Coming upon a film like Very Good Girls, one is inclined to immediately distrust the title. Not just “Good” Girls, but “VERY Good” Girls. Who are they kidding, right? Titles like that are usually drenched in thick irony and contradiction.
We saw Elizabeth Olsen in Martha Marcy May Marlene, unafraid to put her body on display while suppressing questionable moral decisions as a lost little girl. Dakota Fanning is all grown up now, singing “Cherry Bomb” and ready to take on adult roles. Surely she can’t be all that good, right? The talented duo do participate in some poor behavior in screenwriter Naomi Foner’s directorial debut. Nothing rises above the level of an after school special, though, making this a disappointment in about every conceivable way.
Lilly (Fanning) and Gerry (Olsen) are the bestest of friends. In a tease to get up the hopes of those looking for extreme irony from the title, the pair go streaking across a public beach in the opening scene. That is more goofy than rebellious though, despite Gerry’s more outgoing personality potentially being a bad peer influence on her shier, more structured friend. During their last summer together before college they do agree to enact the American Pie pact of losing their virginity before the next stage of their life. Lucky for them they run into hunky photographer and part-time dessert seller David (Boyd Holbrook) on the way home.

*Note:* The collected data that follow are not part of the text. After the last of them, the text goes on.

text \<open>Conjugate time as an extended real; the infimum of the empty set is +infinity.\<close>
definition t_con :: "real \<times> real \<times> real \<Rightarrow> real \<times> real \<times> real \<Rightarrow> ereal" where
  "t_con q0 l0 = Inf (ereal ` {t. t > 0 \<and> critical_point (Exp_map q0) (t *\<^sub>R l0)})"

end

theory Submission
  imports Defs "HOL-Real_Asymp.Real_Asymp"
begin

text \<open>The normal system decouples: (x, u) and (y, v) are harmonic oscillators of frequency w,
  and z is then found by integration, so Exp_{q0}(u, v, w) is explicit. The first two columns of
  its Jacobian are (s, 0, _) and (0, s, _) with s = sin w / w, and its determinant equals
  s (s a + s b + r c), where a = x0^2 + y0^2 > 0, b = x0 u + y0 v, c = u^2 + v^2 and
  r = (sin w - w cos w) / w^3 (at w = 0: s = 1, r = 1/3). For |w| < pi one has 0 < s < 4 r,
  which together with b^2 \<le> a c makes the second factor positive. At |w| = pi the factor s
  vanishes and the horizontal part of the differential degenerates. Along the ray t (u0, v0, w0)
  the frequency is t w0, so the first conjugate time is pi / |w0|.\<close>

lemma has_derivative_component_directional:
  fixes F :: "'a::real_normed_vector \<Rightarrow> 'b::real_normed_vector"
  assumes F: "(F has_derivative D) (at p)" and g: "bounded_linear g"
    and "((\<lambda>h. g (F (p + h *\<^sub>R e))) has_real_derivative c) (at 0)"
  shows "g (D e) = c"
proof -
  have line: "((\<lambda>h::real. p + h *\<^sub>R e) has_derivative (\<lambda>h. h *\<^sub>R e)) (at 0)"
    by (auto intro!: derivative_eq_intros)
  have "((\<lambda>h. F (p + h *\<^sub>R e)) has_derivative (\<lambda>h. D (h *\<^sub>R e))) (at 0)"
    using diff_chain_at[OF line, of F D] F by (simp add: o_def)
  then have "((\<lambda>h. g (F (p + h *\<^sub>R e))) has_derivative (\<lambda>h. g (D (h *\<^sub>R e)))) (at 0)"
    by (rule bounded_linear.has_derivative[OF g])
  then have "((\<lambda>h. g (F (p + h *\<^sub>R e))) has_derivative (\<lambda>h. h * g (D e))) (at 0)"
    using linear_scale[OF has_derivative_linear[OF F]] linear_scale[OF bounded_linear.linear[OF g]]
    by simp
  then have "((\<lambda>h. g (F (p + h *\<^sub>R e))) has_real_derivative g (D e)) (at 0)"
    by (simp add: has_field_derivative_def mult.commute[of _ "g (D e)"])
  then show ?thesis
    using assms(3) by (rule DERIV_unique)
qed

Gerry is intrigued. Lilly thinks he’s a dope. Guess which one he likes and who will be holding a secret with her all summer?

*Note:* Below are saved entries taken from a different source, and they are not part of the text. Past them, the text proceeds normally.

text \<open>If \<open>n\<close> divides the twist, the two elements are powers of a common element
  (of \<open>r\<close>, or of the reflection among them), so their wedge vanishes.\<close>

lemma dvd_twist_imp_wedge_trivial:
  assumes x: "x \<in> carrier G" and y: "y \<in> carrier G" and dvd: "int n dvd twist x y"
  shows "wedge_trivial G x y"
proof -
  obtain i e where x_eq: "x = elem i e" using x by (rule elem_cases)
  obtain j f where y_eq: "y = elem j f" using y by (rule elem_cases)
  have "[twist_coord i e j f = 0] (mod int n)"
    using twist_elem[of i e j f] dvd x_eq y_eq by (metis cong_0_iff cong_sym cong_trans)
  then have coord_dvd: "int n dvd twist_coord i e j f" by (simp add: cong_0_iff)
  have cyclic: "wedge_trivial G (g [^] (p::int)) (g [^] (q::int))" if "g \<in> carrier G" for g p q
    using wedge_int_pow_pow[OF finite_carrier that] .
  show ?thesis unfolding x_eq y_eq
  proof (cases e; cases f)
    assume "\<not> e" "\<not> f"
    then show "wedge_trivial G (elem i e) (elem j f)"
      using cyclic[of r i j] by (simp add: elem_rotation)
  next
    assume e: "\<not> e" and f: f
    then obtain q where "i = int n * q" using coord_dvd by (auto simp: twist_coord_def elim: dvdE)
    then have "elem i e = elem j True [^] (2 * q)" "elem j f = elem j True [^] (1::int)"
      using e f by (simp_all add: reflection_even_pow)
    then show "wedge_trivial G (elem i e) (elem j f)" using cyclic[of "elem j True" "2 * q" 1] by simp
  next
    assume e: e and f: "\<not> f"
    then obtain q where "j = int n * q" using coord_dvd by (auto simp: twist_coord_def elim: dvdE)
    then have "elem j f = elem i True [^] (2 * q)" "elem i e = elem i True [^] (1::int)"
      using e f by (simp_all add: reflection_even_pow)
    then show "wedge_trivial G (elem i e) (elem j f)" using cyclic[of "elem i True" 1 "2 * q"] by simp
  next
    assume e: e and f: f
    then obtain q where "i - j = int n * q" using coord_dvd by (auto simp: twist_coord_def elim: dvdE)
    then have "j = int n * (- q) + i" by (simp add: algebra_simps)
    then have "elem j f = elem i True [^] (2 * (- q) + 1)" "elem i e = elem i True [^] (1::int)"
      using e f by (simp_all only: reflection_odd_pow) simp_all
    then show "wedge_trivial G (elem i e) (elem j f)" using cyclic[of "elem i True" 1 "2 * (- q) + 1"] by simp
  qed
qed

theorem wedge_trivial_iff_dvd_twist:
  "x \<in> carrier G \<Longrightarrow> y \<in> carrier G \<Longrightarrow> wedge_trivial G x y \<longleftrightarrow> int n dvd twist x y"
  using wedge_trivial_cocycle_dvd[OF twist_cocycle] dvd_twist_imp_wedge_trivial by blast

There is very little to surprise one about the course of Very Good Girls. Practically right from the get-go the blueprint is superimposed over every action and the film proceeds to go on auto-pilot from there without any panache to the storytelling or its characters. Audiences could take more interest in creating a betting pool as to how and when the film’s primary deception is unmasked. This is getting well ahead of the story which has to track Fanning’s Lilly from the sensitive flower she is named after to sneaking in boys through windows to shower with.

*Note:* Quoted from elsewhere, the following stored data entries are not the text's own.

lemma psd_ampl_embed_map:
  assumes j: "0 < j" and m: "0 < m" and mM: "m \<le> M"
    and A: "psd A" "A \<in> carrier_mat (m*j) (m*j)"
  shows "psd (ampl m M j (embed_map m M) A)"
proof -
  have "quad_form (M*j) (ampl m M j (embed_map m M) A) h \<ge> 0" for h
  proof -
    define top where "top i k = (if i < m*j \<and> k < m*j then cnj (h i) * A $$ (i,k) * h k else 0)" for i k
    define diag where "diag i k = (if \<not> (i < m*j \<and> k < m*j) \<and> i div j = k div j
      then cnj (h i) * A $$ (i mod j, k mod j) * h k else 0)" for i k
    have split: "quad_form (M*j) (ampl m M j (embed_map m M) A) h
        = (\<Sum>i<M*j. \<Sum>k<M*j. top i k) + (\<Sum>i<M*j. \<Sum>k<M*j. diag i k)"
      unfolding quad_form_def sum.distrib[symmetric]
      by (intro sum.cong refl) (simp add: ampl_embed_map_index[OF j m] top_def diag_def)
    have top: "(\<Sum>i<M*j. \<Sum>k<M*j. top i k) = quad_form (m*j) A h"
      using mM unfolding top_def quad_form_def by (intro sum_sum_lessThan_if_less) simp
    have "(\<Sum>i<M*j. \<Sum>k<M*j. diag i k) = (\<Sum>a<M. \<Sum>s<j. \<Sum>b<M. \<Sum>t<j.
        if \<not> a < m \<and> a = b then cnj (h (a*j+s)) * A $$ (s,t) * h (b*j+t) else 0)"
      unfolding sum_lessThan_mult_blocks diag_def by (intro sum.cong refl) (auto simp: block_index_less_iff)
    also have "\<dots> = (\<Sum>a<M. if \<not> a < m then quad_form j A (\<lambda>s. h (a*j+s)) else 0)"
      unfolding sum_blocks_diagonal quad_form_def ..
    finally have diag: "(\<Sum>i<M*j. \<Sum>k<M*j. diag i k)
        = (\<Sum>a<M. if \<not> a < m then quad_form j A (\<lambda>s. h (a*j+s)) else 0)" .
    show ?thesis
      unfolding split top diag using A m by (simp add: add_nonneg_nonneg sum_nonneg quad_form_nonneg_if_psd)
  qed
  then show ?thesis
    by (subst psd_iff_quad_form_nonneg[OF ampl_carrier]) simp
qed

lemma ampl_embed_map_mult_vec_leading:
  assumes j: "0 < j" and m: "0 < m" and mM: "m \<le> M" and A: "A \<in> carrier_mat (m*j) (m*j)"
    and v: "v \<in> carrier_vec (M*j)" and i: "i < m*j"
  shows "(ampl m M j (embed_map m M) A *\<^sub>v v) $ i = (A *\<^sub>v vec (m*j) (\<lambda>k. v $ k)) $ i"
proof -
  have mjMj: "m*j \<le> M*j"
    using mM by simp
  have iM: "i < M*j"
    using i mjMj by linarith
  have "ampl m M j (embed_map m M) A $$ (i,k) * v $ k = (if k < m*j then A $$ (i,k) * v $ k else 0)"
    if "k < M*j" for k
  proof (cases "k < m*j")
    case False
    then have "i div j \<noteq> k div j"
      using i j by (metis div_less_iff_less_mult le_less_trans not_less order_refl)
    then show ?thesis
      using False by (simp add: ampl_embed_map_index[OF j m iM that])
  qed (simp add: ampl_embed_map_index[OF j m iM that] i)
  then have "(ampl m M j (embed_map m M) A *\<^sub>v v) $ i = (\<Sum>k<M*j. if k < m*j then A $$ (i,k) * v $ k else 0)"
    using iM v by (simp add: mult_mat_vec_index)
  also have "\<dots> = (A *\<^sub>v vec (m*j) (\<lambda>k. v $ k)) $ i"
    using mjMj i A by (simp add: sum_lessThan_if_less mult_mat_vec_index)
  finally show ?thesis .
qed

lemma ampl_embed_map_mult_vec_block:
  assumes j: "0 < j" and m: "0 < m" and A: "A \<in> carrier_mat (m*j) (m*j)"
    and v: "v \<in> carrier_vec (M*j)" and a: "m \<le> a" "a < M" and s: "s < j"
  shows "(ampl m M j (embed_map m M) A *\<^sub>v v) $ (a*j+s) = (A *\<^sub>v block_shift m j 0 a v) $ s"
proof -
  have iM: "a*j+s < M*j" and im: "\<not> a*j+s < m*j"
    using a s by (simp_all add: block_index_less_iff)
  have "(ampl m M j (embed_map m M) A *\<^sub>v v) $ (a*j+s)
      = (\<Sum>b<M. \<Sum>t<j. ampl m M j (embed_map m M) A $$ (a*j+s, b*j+t) * v $ (b*j+t))"
    using iM v by (simp add: mult_mat_vec_index sum_lessThan_mult_blocks)
  also have "\<dots> = (\<Sum>b<M. if b = a then (\<Sum>t<j. A $$ (s,t) * v $ (a*j+t)) else 0)"
    using im s by (intro sum.cong refl)
      (auto simp: ampl_embed_map_index[OF j m iM] block_index_less_iff)
  also have "\<dots> = (A *\<^sub>v block_shift m j 0 a v) $ s"
  proof -
    have "j \<le> m*j"
      using m by simp
    then have "s < m*j"
      using s by linarith
    then show ?thesis
      using a m by (simp add: sum.delta' mult_block_shift_index[OF A])
  qed
  finally show ?thesis .
qed

lemma ampl_embed_map_leading_norm_le:
  assumes j: "0 < j" and m: "0 < m" and mM: "m \<le> M" and A: "A \<in> carrier_mat (m*j) (m*j)"
    and v: "v \<in> carrier_vec (M*j)"
  shows "(\<Sum>i<m*j. (cmod ((ampl m M j (embed_map m M) A *\<^sub>v v) $ i))\<^sup>2)
      \<le> (opnorm A)\<^sup>2 * (\<Sum>i<m*j. (cmod (v $ i))\<^sup>2)"
proof -
  define w where "w = vec (m*j) (\<lambda>k. v $ k)"
  have "(\<Sum>i<m*j. (cmod ((ampl m M j (embed_map m M) A *\<^sub>v v) $ i))\<^sup>2)
      = (\<Sum>i<m*j. (cmod ((A *\<^sub>v w) $ i))\<^sup>2)"
    by (intro sum.cong refl) (simp add: w_def ampl_embed_map_mult_vec_leading[OF j m mM A v])
  also have "\<dots> = (vnorm (A *\<^sub>v w))\<^sup>2"
    using A by (simp add: vnorm_power2)
  also have "\<dots> \<le> (opnorm A)\<^sup>2 * (vnorm w)\<^sup>2"
    using A by (intro power2_vnorm_mult_mat_vec_le) (simp add: w_def)
  also have "(vnorm w)\<^sup>2 = (\<Sum>i<m*j. (cmod (v $ i))\<^sup>2)"
    by (simp add: w_def vnorm_power2)
  finally show ?thesis .
qed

Her behavior is spurred on by the other sneaking around in her home as she catches her dad (Clark Gregg) making out with a patient in the first ten minutes. The tug-o-war that develops between Lilly and her mother (Ellen Barkin) is easily the most dramatically frustrating of the whole affair. In one scene she is angrily pitching mom to bring dad home and the next has her lashing out at dad to stay away. All that’s missing is Jimmy Durante singing “Did You Ever Have the Feeling…”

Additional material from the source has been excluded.